This work addresses the challenge of achieving transparency in multivariate time series classification, where discriminative signals are often sparse, heterogeneous, and easily obscured by noise. To this end, the authors propose an interpretable classification framework grounded in a Mixture-of-Experts architecture. By leveraging multi-view local representation learning and an anchor-based routing mechanism, the model decomposes predictions into an additive composition of input segments, thereby enabling ante-hoc interpretability. Geometric orthogonality constraints are introduced to minimize redundancy among expert representations and encourage specialization toward distinct discriminative patterns. Additionally, an uncertainty-aware reliability gating mechanism dynamically suppresses noisy inputs. Experimental results demonstrate that the proposed method achieves state-of-the-art classification performance while providing high-fidelity, traceable decision explanations across multiple real-world and synthetic datasets.

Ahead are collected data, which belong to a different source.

(* Let $A$ be a finite abelian group of even exponent $m$. If $A$ has no sections isomorphic to any of $Z_2^3$, $Z_4\times Z_2$, $Z_p^2$, $Z_p\times Z_2^2$, where $p$ ranges over the odd prime divisors of $m$, then $A$ is isomorphic to a section of the dihedral group $D_{2m}=\langle a,b\mid a^m=b^2=1,\ b^{-1}ab=a^{-1}\rangle$.
   Context: $Z_n$ denotes the cyclic group of order $n$; a section of a group is a quotient of one of its subgroups. *)

theory Defs
  imports "HOL-Algebra.Algebra"
begin

definition group_exponent :: "('a, 'b) monoid_scheme \<Rightarrow> nat" where
  "group_exponent G = (LEAST n. 0 < n \<and> (\<forall>x\<in>carrier G. x [^]\<^bsub>G\<^esub> n = \<one>\<^bsub>G\<^esub>))"

definition section_of :: "('c, 'd) monoid_scheme \<Rightarrow> ('a, 'b) monoid_scheme \<Rightarrow> bool" where
  "section_of B G \<longleftrightarrow> (\<exists>H N. subgroup H G \<and> normal N (G\<lparr>carrier := H\<rparr>) \<and>
        B \<cong> ((G\<lparr>carrier := H\<rparr>) Mod N))"

abbreviation Zc :: "nat \<Rightarrow> int monoid" where
  "Zc n \<equiv> integer_mod_group n"

text \<open>Dihedral group D_{2m} = <a,b | a^m = b^2 = 1, b^-1 a b = a^-1>, realised concretely:
  the pair (i,j) with 0 \<le> i < m, 0 \<le> j < 2 stands for a^i b^j, and
  a^i b^j a^k b^l = a^(i + (-1)^j k) b^(j+l).\<close>
definition dihedral_group :: "nat \<Rightarrow> (int \<times> int) monoid" where
  "dihedral_group m = \<lparr>carrier = {0..<int m} \<times> {0..<2},
     monoid.mult = (\<lambda>(i, j) (k, l). ((i + (if j = 0 then k else - k)) mod int m, (j + l) mod 2)),
     one = (0, 0)\<rparr>"

end

theory Submission
  imports Defs
begin

(*
  Let g be an element of maximal order m. In a finite abelian group the order of every element
  divides m, so m is the exponent. If g generates A, then A is cyclic of order m, i.e. isomorphic
  to the rotation subgroup of D_2m. Otherwise there is an element y outside <g> with y^p in <g>
  for a prime p; maximality of m lets us correct y by a power of g to an element z of order p
  outside <g>, and p divides m. Since <z> meets <g> trivially, the subgroups <g^(m/d)> x <z>
  yield the sections Z_p x Z_p (p odd), Z_4 x Z_2 (4 dividing m) and Z_q x Z_2 x Z_2 (q an odd
  prime divisor of m). Excluding them forces p = m = 2, so A has exponent 2 and contains
  <g> x <z> = Z_2 x Z_2; an element outside it would give a section Z_2^3. Hence
  A = Z_2 x Z_2, which is D_4 itself.
*)

lemma section_of_subgroupI:
  assumes "group G" and "subgroup H G" and "B \<cong> G\<lparr>carrier := H\<rparr>"
  shows "section_of B G"
proof -
  interpret H: group "G\<lparr>carrier := H\<rparr>"
    using assms group.subgroup_imp_group by blast
  let ?one = "{\<one>\<^bsub>G\<lparr>carrier := H\<rparr>\<^esub>}"
  have "G\<lparr>carrier := H\<rparr> \<cong> G\<lparr>carrier := H\<rparr> Mod ?one"
    using group.iso_sym[OF normal.factorgroup_is_group[OF H.one_is_normal]]
      is_isoI[OF H.trivial_factor_iso] by blast
  then show ?thesis
    unfolding section_of_def using assms(2,3) H.one_is_normal iso_trans by blast
qed

lemma section_of_monI:
  assumes "group B" and "group G" and "f \<in> mon B G"
  shows "section_of B G"
proof -
  interpret f: group_hom B G f
    using assms by (simp add: group_hom_def group_hom_axioms_def mon_def)
  have "f \<in> iso B (G\<lparr>carrier := f ` carrier B\<rparr>)"
    using assms(3) by (auto simp: iso_def mon_def hom_def bij_betw_def)
  then show ?thesis
    using section_of_subgroupI[OF assms(2) f.img_is_subgroup] is_isoI by blast
qed

lemma section_of_refl: "group G \<Longrightarrow> section_of G G"
  using section_of_subgroupI[OF _ group.subgroup_self, of G G] by simp

lemma section_of_iso:
  assumes "A \<cong> B" and "section_of B G"
  shows "section_of A G"
  using assms iso_trans unfolding section_of_def by blast

lemma group_dihedral_group:
  assumes "0 < m"
  shows "group (dihedral_group m)"
proof -
  have bit: "j \<in> {0..<2} \<Longrightarrow> j = 0 \<or> j = 1" for j :: int
    by auto
  show ?thesis
  proof (rule groupI)
    fix x y z
    assume "x \<in> carrier (dihedral_group m)" "y \<in> carrier (dihedral_group m)"
      "z \<in> carrier (dihedral_group m)"
    then obtain a b c d e f where "x = (a, b)" "y = (c, d)" "z = (e, f)"
      "b = 0 \<or> b = 1" "d = 0 \<or> d = 1" "f = 0 \<or> f = 1"
      by (auto simp: dihedral_group_def dest!: bit)
    then show "x \<otimes>\<^bsub>dihedral_group m\<^esub> y \<otimes>\<^bsub>dihedral_group m\<^esub> z =
        x \<otimes>\<^bsub>dihedral_group m\<^esub> (y \<otimes>\<^bsub>dihedral_group m\<^esub> z)"
      by (auto simp: dihedral_group_def mod_add_left_eq mod_add_right_eq mod_diff_right_eq
          simp flip: diff_conv_add_uminus) (simp_all add: algebra_simps)
  next
    fix x
    assume "x \<in> carrier (dihedral_group m)"
    then obtain i j where x: "x = (i, j)" "i \<in> {0..<int m}" "j = 0 \<or> j = 1"
      by (auto simp: dihedral_group_def dest!: bit)
    let ?y = "if j = 0 then ((- i) mod int m, 0) else (i, 1)"
    show "\<exists>y\<in>carrier (dihedral_group m). y \<otimes>\<^bsub>dihedral_group m\<^esub> x = \<one>\<^bsub>dihedral_group m\<^esub>"
      using x assms by (intro bexI[of _ ?y]) (auto simp: dihedral_group_def mod_add_left_eq)
  qed (use assms in \<open>auto simp: dihedral_group_def\<close>)
qed

lemma rotation_mon_dihedral_group:
  assumes "0 < m"
  shows "(\<lambda>i. (i, 0)) \<in> mon (Zc m) (dihedral_group m)"
  using assms
  by (auto simp: mon_def hom_def inj_on_def carrier_integer_mod_group dihedral_group_def)

lemma dihedral_group_2: "dihedral_group 2 = Zc 2 \<times>\<times> Zc 2"
proof -
  have "(i + (if j = 0 then k else - k)) mod 2 = (i + k) mod 2" for i j k :: int
    by presburger
  then show ?thesis
    by (auto simp: dihedral_group_def DirProd_def integer_mod_group_def integer_group_def)
qed

lemma (in group) int_pow_mod_ord:
  "x \<in> carrier G \<Longrightarrow> x [^] (i mod int (ord x)) = x [^] i"
  by (simp add: int_pow_eq mod_eq_dvd_iff)

lemma (in group) int_pow_mon_integer_mod_group:
  assumes "x \<in> carrier G"
  shows "(\<lambda>i. x [^] i) \<in> mon (Zc (ord x)) G"
proof -
  have "(\<lambda>i. x [^] i) \<in> hom (Zc (ord x)) G"
    using assms by (intro homI) (auto simp: int_pow_mod_ord int_pow_mult)
  moreover have "inj_on (\<lambda>i. x [^] i) (carrier (Zc (ord x)))"
  proof (rule inj_onI)
    fix i k
    assume "i \<in> carrier (Zc (ord x))" "k \<in> carrier (Zc (ord x))" "x [^] i = x [^] k"
    then show "i = k"
      using assms by (auto simp: int_pow_eq carrier_integer_mod_group split: if_splits
          simp flip: mod_eq_dvd_iff)
  qed
  ultimately show ?thesis
    by (simp add: mon_def)
qed

lemma (in group) int_pow_image_integer_mod_group:
  assumes x: "x \<in> carrier G"
  shows "(\<lambda>i. x [^] i) ` carrier (Zc (ord x)) = range (\<lambda>i::int. x [^] i)"
proof -
  have "x [^] i \<in> (\<lambda>i. x [^] i) ` carrier (Zc (ord x))" for i :: int
  proof (cases "ord x = 0")
    case False
    then have "i mod int (ord x) \<in> carrier (Zc (ord x))"
      by (simp add: carrier_integer_mod_group)
    then show ?thesis
      using int_pow_mod_ord[OF x, of i] by (metis image_eqI)
  qed (simp add: carrier_integer_mod_group)
  then show ?thesis
    by auto
qed

lemma (in group) section_of_dihedral_group_if_cyclic:
  assumes g: "g \<in> carrier G" and cyclic: "carrier G = range (\<lambda>i::int. g [^] i)"
    and "0 < ord g"
  shows "section_of G (dihedral_group (ord g))"
proof -
  have "(\<lambda>i. g [^] i) \<in> iso (Zc (ord g)) G"
    using int_pow_mon_integer_mod_group[OF g] int_pow_image_integer_mod_group[OF g] cyclic
    by (simp add: iso_iff_mon_epi epi_def mon_def)
  then have "G \<cong> Zc (ord g)"
    using group.iso_sym[OF group_integer_mod_group] is_isoI by blast
  moreover have "section_of (Zc (ord g)) (dihedral_group (ord g))"
    using section_of_monI[OF group_integer_mod_group group_dihedral_group rotation_mon_dihedral_group]
      \<open>0 < ord g\<close> by blast
  ultimately show ?thesis
    by (rule section_of_iso)
qed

Multivariate time series classification (MTSC) is pivotal in high-stakes domains, such as clinical diagnosis and industrial fault detection, where safe deployment necessitates transparent decision-making. However, isolating the temporal segments that drive model predictions is challenging because discriminative signals in real-world time series are typically sparse, heterogeneous, and heavily obscured by background noise. This paper, therefore, proposes AnchorMoE, an interpretable-by-construction classification framework. Built upon a Mixture-of-Experts (MoE) architecture, AnchorMoE encodes multi-view representations of local patches and routes them to specialized experts, ensuring that the final prediction is formulated as an exact additive decomposition over the input segments, facilitating ante-hoc transparency rather than relying on post-hoc estimations. To maintain the reliability of this decomposition under sparse signal distributions, we introduce a geometric orthogonality constraint that penalizes representational redundancy, compelling distinct experts to specialize in heterogeneous predictive patterns. Furthermore, an uncertainty-aware reliability gate is designed to dynamically calibrate the contribution of each segment, effectively suppressing residual background noise. Extensive experiments on real-world and synthetic benchmarks demonstrate that AnchorMoE achieves highly competitive classification performance while faithfully grounding its decisions in the raw time series.